2. Description of the Related Art
Referring to FIG. 1, a cross-sectional view of a conventional wafer is shown. The conventional wafer 100 includes a MEMS (Micro Electronic Mechanic System) 120 and a CMOS (Complementary Metal-Oxide Semiconductor) 104. The MEMS 102 is a glass substrate having an upper surface 102 a and a lower surface 102 b. The CMOS 104 is a silicon substrate having a topside 104 a and a backside 104 b. A gap 106 separates the lower surface 102 b of the MEMS and the topside 104 a of the CMOS 104. The adhesive 112 partly fills the gap so as to assemble the MEMS 102 and the CMOS 104.
The conventional cutting method of wafer 100 is firstly to form several first cutting marks 122 on the topside 102 a of the MEMS 102, and then to form several second cutting marks 124 on the backside 104 b of the CMOS 104. After cutting the wafer 100, force is applied on the first cutting mark 122 and the second cutting mark 124 respectively for separating wafer to several dies.
Referring to FIGS. 2A˜2B, FIG. 2A is a top view of the wafer in FIG. 1 and FIG. 2B is a schematic view showing the backside of the wafer in FIG. 1. The topside 102 of the MEMS firstly faces the cutting device for assembly before the first cutting mark 122 is formed. Because the topside 102 has patterns on its surface, the cutting device could read the patterns by a sensor such as an electric eye and then easily locate and cut the first cutting mark 122. However, there are no patterns on the backside 104 b of the CMOS 104, so the cutting device could not read the backside 104 b to locate and to cut the second cutting mark 124. Therefore, while forming the first cutting mark 122, the two sides of the MEMS 102 and the COMS 104 should be cut off as a whole for forming the horizontal coordinate axis REF1 and vertical coordinate axis REF2. Both of them would be referred when forming the position of second cutting mark 124. When cutting the second cutting mark 124, the backside 104 b of the COMS 104 faces the cutting device even though the backside 104 b has no pattern, the cutting mark 124 could be successfully located by cutting device according to the horizontal coordinate axis REF1 and the vertical coordinate axis REF2.

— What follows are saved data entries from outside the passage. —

(* Let $Q(z)\not\equiv0$ be a $k\times k$ Hermite matrix of Laurent polynomials that is diagonally dominant and satisfies $\operatorname{len}(Q_{1,1})\le\dots\le\operatorname{len}(Q_{k,k})$. Let $b(z)$ be a column vector of $k$ Laurent polynomials such that $\operatorname{ldeg}(b_\ell)\ge\operatorname{ldeg}(Q_{\ell,\ell})$ for every $\ell$ with $b_\ell\not\equiv0$. Then there exists a column vector $X(z)$ of $k$ Laurent polynomials such that $Y(z):=b(z)-Q(z)X(z)$ satisfies, for all $\ell=1,\dots,k$, $$\operatorname{fs}(Y_\ell)\subsetneq\operatorname{fs}(Q_{\ell,\ell})\quad\text{and}\quad\deg(Y_\ell)<\deg(Q_{\ell,\ell}).$$
   Context: For a matrix $U(z)=\sum_kU_kz^k$ of Laurent polynomials, $U^\star(z):=\sum_k\overline{U_k}^Tz^{-k}$; Hermite means $Q^\star=Q$. For a Laurent polynomial $u\not\equiv0$: $\deg(u)$ is its highest degree, $\operatorname{ldeg}(u)$ its lowest degree, $\operatorname{len}(u):=\deg(u)-\operatorname{ldeg}(u)$, $\operatorname{fs}(u):=[\operatorname{ldeg}(u),\deg(u)]$; for $u\equiv0$, $\operatorname{len}(u)=\deg(u):=-\infty$ and $\operatorname{fs}(u):=\emptyset$. A $k\times k$ matrix $Q$ of Laurent polynomials is diagonally dominant at the diagonal entry $s$ if (1) for all $i\ne s$: $\operatorname{fs}(Q_{i,s})\subsetneq\operatorname{fs}(Q_{s,s})$ and $\operatorname{fs}(Q_{s,i})\subsetneq\operatorname{fs}(Q_{s,s})$; (2) for all $i>s$: $\deg(Q_{s,i})<\deg(Q_{s,s})$. $Q$ is diagonally dominant if this holds at every diagonal entry. *)

theory Defs
  imports Complex_Main "HOL-Library.Poly_Mapping" "HOL-Library.Extended_Real"
begin

text \<open>Laurent polynomials over the complex numbers: finitely supported maps
  from the exponent (an integer) to the coefficient; multiplication is convolution.\<close>
type_synonym lpoly = "int \<Rightarrow>\<^sub>0 complex"

definition lstar :: "lpoly \<Rightarrow> lpoly" where
  "lstar u = Abs_poly_mapping (\<lambda>n. cnj (Poly_Mapping.lookup u (- n)))"

definition ldeg_hi :: "lpoly \<Rightarrow> ereal" where
  "ldeg_hi u = (if u = 0 then -\<infinity> else ereal (of_int (Max (Poly_Mapping.keys u))))"

text \<open>Lowest degree (only meaningful for nonzero u).\<close>
definition ldeg_lo :: "lpoly \<Rightarrow> int" where
  "ldeg_lo u = Min (Poly_Mapping.keys u)"

definition llen :: "lpoly \<Rightarrow> ereal" where
  "llen u = (if u = 0 then -\<infinity> else ereal (of_int (Max (Poly_Mapping.keys u) - Min (Poly_Mapping.keys u))))"

definition lfs :: "lpoly \<Rightarrow> int set" where
  "lfs u = (if u = 0 then {} else {Min (Poly_Mapping.keys u) .. Max (Poly_Mapping.keys u)})"

text \<open>k x k matrices and vectors are indexed by 0..k-1.\<close>
definition hermite :: "nat \<Rightarrow> (nat \<Rightarrow> nat \<Rightarrow> lpoly) \<Rightarrow> bool" where
  "hermite k Q \<longleftrightarrow> (\<forall>i<k. \<forall>j<k. lstar (Q j i) = Q i j)"

definition diag_dominant_at :: "nat \<Rightarrow> (nat \<Rightarrow> nat \<Rightarrow> lpoly) \<Rightarrow> nat \<Rightarrow> bool" where
  "diag_dominant_at k Q s \<longleftrightarrow>
     (\<forall>i<k. i \<noteq> s \<longrightarrow> lfs (Q i s) \<subset> lfs (Q s s) \<and> lfs (Q s i) \<subset> lfs (Q s s)) \<and>
     (\<forall>i<k. s < i \<longrightarrow> ldeg_hi (Q s i) < ldeg_hi (Q s s))"

definition diag_dominant :: "nat \<Rightarrow> (nat \<Rightarrow> nat \<Rightarrow> lpoly) \<Rightarrow> bool" where
  "diag_dominant k Q \<longleftrightarrow> (\<forall>s<k. diag_dominant_at k Q s)"

definition mat_vec :: "nat \<Rightarrow> (nat \<Rightarrow> nat \<Rightarrow> lpoly) \<Rightarrow> (nat \<Rightarrow> lpoly) \<Rightarrow> nat \<Rightarrow> lpoly" where
  "mat_vec k Q X l = (\<Sum>j<k. Q l j * X j)"

end

theory Submission
  imports Defs
begin

text \<open>Write \<open>L\<^sub>i\<close> and \<open>D\<^sub>i\<close> for the lowest and highest degree of \<open>Q\<^sub>i\<^sub>i\<close>. The remainder is
  produced by long division from the top: at level \<open>e \<ge> 0\<close>, for \<open>l = 1, \<dots>, k\<close> in turn,
  subtracting \<open>c z\<^sup>e\<close> times the \<open>l\<close>-th column of \<open>Q\<close> kills the coefficient of degree \<open>D\<^sub>l + e\<close>
  in \<open>Y\<^sub>l\<close>. Diagonal dominance of row \<open>i\<close> keeps every \<open>Q\<^sub>i\<^sub>l\<close> inside \<open>[L\<^sub>i, D\<^sub>i]\<close> and, for
  \<open>i < l\<close>, strictly below \<open>D\<^sub>i\<close>; so no row leaves its window \<open>[L\<^sub>i, D\<^sub>i + e]\<close> and rows already
  cleared at level \<open>e\<close> stay cleared. The hypothesis on \<open>ldeg(b)\<close> puts \<open>b\<close> into such windows
  to begin with.\<close>

lemma lookup_mult_single_shift:
  fixes p :: "'a::cancel_comm_monoid_add \<Rightarrow>\<^sub>0 'b::comm_semiring_0"
  shows "Poly_Mapping.lookup (p * Poly_Mapping.single e c) (n + e) = Poly_Mapping.lookup p n * c"
proof -
  have inner: "(\<Sum>q. Poly_Mapping.lookup (Poly_Mapping.single e c) q when n + e = l + q) = (c when l = n)"
    for l :: 'a
  proof -
    have "(\<Sum>q. Poly_Mapping.lookup (Poly_Mapping.single e c) q when n + e = l + q)
        = (\<Sum>q. (c when l = n) when q = e)"
      by (intro Sum_any.cong) (auto simp: lookup_single when_def)
    then show ?thesis by simp
  qed
  show ?thesis
    by (simp add: lookup_mult inner mult_when)
qed
(* Let $i\ge1$ and $n=4i$. Every ceiling coalition of the $i$-bit roof game $G_{i\text{-bit}}$ on players $\{1,\dots,n\}$ has at most two distinct direct left-shifts.
   Context: Players are $N=\{1,\dots,n\}$, $n=4i$. A coalition $S'$ is a direct left-shift of $S$ if there is $m\in S$, $2\le m\le n$, $m-1\notin S$, with $S'=(S\setminus\{m\})\cup\{m-1\}$; a left-shift of $S$ is obtained by one or more successive direct left-shifts. For $k\in\{0,\dots,2^i-1\}$ with $i$-bit binary representation $b_1\cdots b_i$, $S_{k,i}=\bigcup_{j=1}^iB_j$ where $B_j=\{4(j-1)+2,4(j-1)+3\}$ if $b_j=0$ and $B_j=\{4(j-1)+1,4(j-1)+4\}$ if $b_j=1$. The $i$-bit roof game $G_{i\text{-bit}}$ is the simple game on $N$ in which a coalition is winning iff it contains some $S_{k,i}$ or a left-shift of some $S_{k,i}$ (a canonical linear game whose roof coalitions are exactly the $S_{k,i}$). A maximal losing coalition is a losing $S$ with $S\cup\{m\}$ winning for all $m\notin S$; a ceiling coalition is a maximal losing coalition all of whose left-shifts are winning. *)

theory Defs
  imports Main
begin

definition direct_left_shift :: "nat \<Rightarrow> nat set \<Rightarrow> nat set \<Rightarrow> bool" where
  "direct_left_shift n S S' \<longleftrightarrow>
     (\<exists>m\<in>S. 2 \<le> m \<and> m \<le> n \<and> m - 1 \<notin> S \<and> S' = insert (m - 1) (S - {m}))"

definition left_shift :: "nat \<Rightarrow> nat set \<Rightarrow> nat set \<Rightarrow> bool" where
  "left_shift n = tranclp (direct_left_shift n)"

text \<open>j-th bit (j = 1..i, b_1 most significant) of the i-bit representation of k.\<close>
definition bit_of :: "nat \<Rightarrow> nat \<Rightarrow> nat \<Rightarrow> nat" where
  "bit_of i k j = (k div 2 ^ (i - j)) mod 2"

definition block :: "nat \<Rightarrow> nat \<Rightarrow> nat \<Rightarrow> nat set" where
  "block i k j = (if bit_of i k j = 0 then {4*(j-1)+2, 4*(j-1)+3}
                  else {4*(j-1)+1, 4*(j-1)+4})"

definition roof_coal :: "nat \<Rightarrow> nat \<Rightarrow> nat set" where
  "roof_coal i k = (\<Union>j\<in>{1..i}. block i k j)"
(* Assume that $\widetilde{\mathbb{C}}_e$ and $\widetilde{\mathbb{L}}_{aniso}$ are positive definite, $\widetilde{\mathbb{C}}_{micro}$ and $\widetilde{\mathbb{C}}_c$ are positive semi-definite and bounded, and $\rho,J,L_c,\mu>0$. Then there is a constant $c>0$ such that $$\mathcal{W}_1\big((\varphi,\Phi),(\varphi,\Phi)\big)\ge c\left(\|\varphi\|^2_{H^1(\Omega)}+\|\Phi\|^2_{L^2(\Omega)}+\|\mathrm{Curl}\,\Phi\|^2_{L^2(\Omega)}\right)$$ for all $(\varphi,\Phi)\in H_0^1(\Omega)\times H_0(\mathrm{Curl};\Omega)$.
   Context: $\Omega\subset\mathbb{R}^3$ is a bounded domain with piecewise smooth boundary. For $X\in\mathbb{R}^{3\times3}$, $\mathrm{sym}\,X=\frac12(X+X^T)$, $\mathrm{skew}\,X=\frac12(X-X^T)$, $\langle X,Y\rangle=\mathrm{tr}(XY^T)$, $\|X\|^2=\langle X,X\rangle$. $H_0^1(\Omega)$ denotes $\mathbb{R}^3$-valued fields with components in $H^1_0(\Omega)$; $\mathrm{Curl}\,P$ is the row-wise curl of $P:\Omega\to\mathbb{R}^{3\times3}$, and $H_0(\mathrm{Curl};\Omega)$ is the closure of $C_0^\infty(\Omega;\mathbb{R}^{3\times3})$ in the norm $(\|P\|^2_{L^2}+\|\mathrm{Curl}\,P\|^2_{L^2})^{1/2}$. For a constant fourth-order tensor $\mathbb{C}$, $(\mathbb{C}.X)_{ij}=\mathbb{C}_{ijkl}X_{kl}$. $\widetilde{\mathbb{C}}_e,\widetilde{\mathbb{C}}_{micro}$ act on $\mathrm{Sym}(3)$ with $\mathbb{C}_{ijrs}=\mathbb{C}_{rsij}=\mathbb{C}_{jirs}$; $\widetilde{\mathbb{C}}_c$ acts on $\mathfrak{so}(3)$ with $\mathbb{C}_{ijrs}=-\mathbb{C}_{jirs}=\mathbb{C}_{rsij}$; $\widetilde{\mathbb{L}}_{aniso}$ acts on $\mathbb{R}^{3\times3}$ with $\mathbb{L}_{ijrs}=\mathbb{L}_{rsij}$. Positive definite means $m\|X\|^2\le\langle\mathbb{C}.X,X\rangle\le M\|X\|^2$ with $0<m\le M$ on the relevant domain; positive semi-definite and bounded means $0\le\langle\mathbb{C}.X,X\rangle\le M\|X\|^2$. $\mathcal{W}_1((u,P),(\varphi,\Phi))=\int_\Omega\big(\rho\langle u,\varphi\rangle+J\langle P,\Phi\rangle+\langle\widetilde{\mathbb{C}}_e.\mathrm{sym}(\nabla u-P),\mathrm{sym}(\nabla\varphi-\Phi)\rangle+\langle\widetilde{\mathbb{C}}_c.\mathrm{skew}(\nabla u-P),\mathrm{skew}(\nabla\varphi-\Phi)\rangle+\langle\widetilde{\mathbb{C}}_{micro}.\mathrm{sym}P,\mathrm{sym}\Phi\rangle+\mu L_c^2\langle\widetilde{\mathbb{L}}_{aniso}.\mathrm{Curl}P,\mathrm{Curl}\Phi\rangle\big)dx$. *)

theory Defs
  imports "HOL-Analysis.Analysis"
begin
lemma tendsto_increment_along:
  assumes "open U" "q \<in> U"
    and diff_b: "\<And>z. z \<in> U \<Longrightarrow> differentiable_along b F z"
    and cont_b: "continuous_on U (pd b F)"
  shows "((\<lambda>t. (F (q + t *\<^sub>R v + (t * d) *\<^sub>R b) - F (q + t *\<^sub>R v)) / t) \<longlongrightarrow> d * pd b F q) (at 0)"
proof (rule tendstoI)
  fix e :: real assume "e > 0"
  define W where "W = pd b F -` ball (pd b F q) (e / (\<bar>d\<bar> + 1)) \<inter> U"
  have "open W" "q \<in> W"
    using cont_b \<open>open U\<close> \<open>q \<in> U\<close> \<open>e > 0\<close>
    by (auto simp: W_def continuous_on_open_vimage add_pos_nonneg)
  then have "\<forall>\<^sub>F t in at 0. t \<noteq> 0 \<and> (\<forall>z. norm z \<le> (norm v + \<bar>d\<bar> * norm b) * \<bar>t\<bar> \<longrightarrow> q + z \<in> W)"
    by (intro eventually_conj eventually_neq_at_within eventually_small_in_open)
  then show "\<forall>\<^sub>F t in at 0.
      dist ((F (q + t *\<^sub>R v + (t * d) *\<^sub>R b) - F (q + t *\<^sub>R v)) / t) (d * pd b F q) < e"
  proof (rule eventually_mono, elim conjE)
    fix t :: real
    assume "t \<noteq> 0" and small: "\<forall>z. norm z \<le> (norm v + \<bar>d\<bar> * norm b) * \<bar>t\<bar> \<longrightarrow> q + z \<in> W"
    have inW: "q + t *\<^sub>R v + \<sigma> *\<^sub>R b \<in> W" if "\<bar>\<sigma>\<bar> \<le> \<bar>t * d\<bar>" for \<sigma>
    proof -
      have "norm (t *\<^sub>R v + \<sigma> *\<^sub>R b) \<le> \<bar>t\<bar> * norm v + \<bar>\<sigma>\<bar> * norm b"
        using norm_triangle_ineq[of "t *\<^sub>R v" "\<sigma> *\<^sub>R b"] by simp
      also have "\<dots> \<le> \<bar>t\<bar> * norm v + \<bar>t * d\<bar> * norm b"
        using that by (intro add_left_mono mult_right_mono) auto
      also have "\<dots> = (norm v + \<bar>d\<bar> * norm b) * \<bar>t\<bar>"
        by (simp add: abs_mult algebra_simps)
      finally show ?thesis
        using small by (simp add: add.assoc)
    qed
    obtain \<sigma> where \<sigma>: "\<bar>\<sigma>\<bar> \<le> \<bar>t * d\<bar>"
      "F (q + t *\<^sub>R v + (t * d) *\<^sub>R b) - F (q + t *\<^sub>R v) = (t * d) * pd b F (q + t *\<^sub>R v + \<sigma> *\<^sub>R b)"
      using mvt_along[of "t * d" b F "q + t *\<^sub>R v"] inW diff_b W_def by auto
    have "\<bar>pd b F (q + t *\<^sub>R v + \<sigma> *\<^sub>R b) - pd b F q\<bar> < e / (\<bar>d\<bar> + 1)"
      using inW[OF \<sigma>(1)] by (simp add: W_def dist_real_def abs_minus_commute)
    then have "(\<bar>d\<bar> + 1) * \<bar>pd b F (q + t *\<^sub>R v + \<sigma> *\<^sub>R b) - pd b F q\<bar> < e"
      by (simp add: pos_less_divide_eq mult.commute add_pos_nonneg)
    then have "\<bar>d\<bar> * \<bar>pd b F (q + t *\<^sub>R v + \<sigma> *\<^sub>R b) - pd b F q\<bar> < e"
      by (smt (verit) abs_ge_zero mult_right_mono)
    then show "dist ((F (q + t *\<^sub>R v + (t * d) *\<^sub>R b) - F (q + t *\<^sub>R v)) / t) (d * pd b F q) < e"
      using \<sigma>(2) \<open>t \<noteq> 0\<close> by (simp add: dist_real_def abs_mult[symmetric] right_diff_distrib)
  qed
qed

Nevertheless, the materials of MEMS 102 and of CMOS 104 are different; thus it causes many problems when cutting MEMS 102 and CMOS 104 for forming the first coordinate axis REF1 and the second coordinate axis REF2. For example, if the cutter for cutting glass is used to cut the MEMS 102 and the CMOS 104, the CMOS 104 will be curved because of the vibration of the cutter and form flaws on wafer 100. If the cutter for cutting glass and the cutter for cutting silicon are used respectively to cut MEMS 102 and CMOS 104, the inaccuracy is occurred when changing the cutters. The quality of wafers will be influenced due to the dissimilar thickness of different cutters. Moreover, the process of cutting the first coordinate axis REF1 and the second coordinate axis REF2 wastes time and the cutters are damaged with ease; therefore the producing time and cost of the wafer 100 are dramatically raised.

SUMMARY OF THE INVENTION

It is therefore an object of the invention to provide a wafer and a method of cutting the same. A wafer includes a first substrate and a second substrate having several alignment marks. Two reference coordinate axes formed by alignment marks would be referred while forming the position of the second cutting mark on the backside. The reference coordinate axes formed by alignment marks replace the conventional reference coordinates formed by cutting the first substrate and the second substrate as a whole. Therefore, a wafer and a method of cutting the same of present invention simplify the process and shorten the time of cutting a wafer, also diminish the damage of a cutter.
The invention achieves the above-identified object by providing a method of cutting a wafer. First, the first substrate and the second substrate are provided. Next, several alignment marks are formed on the backside of the second substrate to form two reference coordinate axes. Then, the first substrate and the second substrate are assembled to form a wafer. The topside of the second substrate faces the lower surface of the first substrate for assembly. Afterwards, the first substrate is cut for forming several first cutting marks. Then, the second substrate is cut according to the two reference coordinates, for forming several second cutting marks corresponding to the first cutting marks.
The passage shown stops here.